Я взглянул — и увидел ее. Она выходила одной стороной прямо на дорогу, а другой — прямо в лес. Меня сразу поразило то, что старая дача вовсе не была старой.
— Ее покрасили, что ли? — спросил я у Глеба.
— Нет, она всегда такая была.
— «Тайна старой дачи» — это звучит? — спросил у меня Покойник.
— Звучит.
— А «Тайна новой дачи»?
— Не очень.
— Теперь понял? Знаешь, что такое авторский домысел?

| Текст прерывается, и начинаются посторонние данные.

(* Let $(A,G)$ be an admissible pair with $A\in M_{Q_0}(\mathbb Z)$, and assume that $G$ has exactly two orbits in $Q_0$. Then $(A,G)$ is a stable admissible pair.
   Context: $Q_0$ finite; $A=(a_{ij})$ skew-symmetrizable ($DA$ skew-symmetric for a positive integer diagonal $D$). Mutation $\mu_k(B)=(b'_{ij})$: $b'_{ij}=-b_{ij}$ if $k\in\{i,j\}$, else $b_{ij}+\tfrac12(|b_{ik}|b_{kj}+b_{ik}|b_{kj}|)$. A permutation $g$ of $Q_0$ is an automorphism of $B$ if $b_{gi,gj}=b_{ij}$; a group $G$ of automorphisms of $B$ is admissible ($(B,G)$ an admissible pair) if for distinct $i,j$ in the same $G$-orbit there is no path of length $1$ or $2$ from $i$ to $j$ in the quiver of $B$ ($b_{ij}\le0$ and no $k$ with $b_{ik}>0$, $b_{kj}>0$). For a $G$-orbit $\mathbf i$, $\mu^G_{\mathbf i}=\prod_{j\in\mathbf i}\mu_j$. $(A,G)$ is stable if for every finite sequence of $G$-orbits $\mathbf i_1,\ldots,\mathbf i_n$, each pair $(\mu^G_{\mathbf i_m}\circ\cdots\circ\mu^G_{\mathbf i_1}(A),G)$, $1\le m\le n$, is admissible. *)

theory Defs
  imports "HOL-Combinatorics.Permutations"
begin

text \<open>Exchange matrices indexed by a finite vertex set Q0 are functions
  'a => 'a => int; only the entries with indices in Q0 are relevant.\<close>

definition skew_symmetrizable :: "'a set \<Rightarrow> ('a \<Rightarrow> 'a \<Rightarrow> int) \<Rightarrow> bool" where
  "skew_symmetrizable Q0 A \<longleftrightarrow>
     (\<exists>D :: 'a \<Rightarrow> int. (\<forall>i\<in>Q0. D i > 0) \<and>
        (\<forall>i\<in>Q0. \<forall>j\<in>Q0. D i * A i j = - (D j * A j i)))"

definition mutation :: "'a \<Rightarrow> ('a \<Rightarrow> 'a \<Rightarrow> int) \<Rightarrow> ('a \<Rightarrow> 'a \<Rightarrow> int)" where
  "mutation k B = (\<lambda>i j. if i = k \<or> j = k then - B i j
      else B i j + (\<bar>B i k\<bar> * B k j + B i k * \<bar>B k j\<bar>) div 2)"

definition is_automorphism :: "'a set \<Rightarrow> ('a \<Rightarrow> 'a \<Rightarrow> int) \<Rightarrow> ('a \<Rightarrow> 'a) \<Rightarrow> bool" where
  "is_automorphism Q0 B g \<longleftrightarrow> g permutes Q0 \<and> (\<forall>i\<in>Q0. \<forall>j\<in>Q0. B (g i) (g j) = B i j)"

definition perm_group_on :: "'a set \<Rightarrow> ('a \<Rightarrow> 'a) set \<Rightarrow> bool" where
  "perm_group_on Q0 G \<longleftrightarrow> id \<in> G \<and> (\<forall>g\<in>G. g permutes Q0) \<and>
     (\<forall>g\<in>G. \<forall>h\<in>G. g \<circ> h \<in> G) \<and> (\<forall>g\<in>G. inv g \<in> G)"

definition automorphism_group :: "'a set \<Rightarrow> ('a \<Rightarrow> 'a \<Rightarrow> int) \<Rightarrow> ('a \<Rightarrow> 'a) set \<Rightarrow> bool" where
  "automorphism_group Q0 B G \<longleftrightarrow> perm_group_on Q0 G \<and> (\<forall>g\<in>G. is_automorphism Q0 B g)"

definition orbit :: "('a \<Rightarrow> 'a) set \<Rightarrow> 'a \<Rightarrow> 'a set" where
  "orbit G i = (\<lambda>g. g i) ` G"

definition orbits :: "'a set \<Rightarrow> ('a \<Rightarrow> 'a) set \<Rightarrow> 'a set set" where
  "orbits Q0 G = orbit G ` Q0"

definition admissible :: "'a set \<Rightarrow> ('a \<Rightarrow> 'a \<Rightarrow> int) \<Rightarrow> ('a \<Rightarrow> 'a) set \<Rightarrow> bool" where
  "admissible Q0 B G \<longleftrightarrow> automorphism_group Q0 B G \<and>
     (\<forall>i\<in>Q0. \<forall>j\<in>Q0. i \<noteq> j \<and> j \<in> orbit G i \<longrightarrow>
         B i j \<le> 0 \<and> \<not> (\<exists>k\<in>Q0. B i k > 0 \<and> B k j > 0))"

Принц Датский смотрел на Покойника с уважением.
А я лично терпеть не мог, когда Покойник начинал изъясняться вопросами, будто устраивал кому-то экзамен.
— Почему не видно доски? — сказал он.
— Какой? — спросил Глеб.
— Мемориальной, конечно! «Здесь жил и умер…»
— А он не здесь…
— Тогда по-другому: «Здесь жил и не умер писатель Гл. Бородаев»!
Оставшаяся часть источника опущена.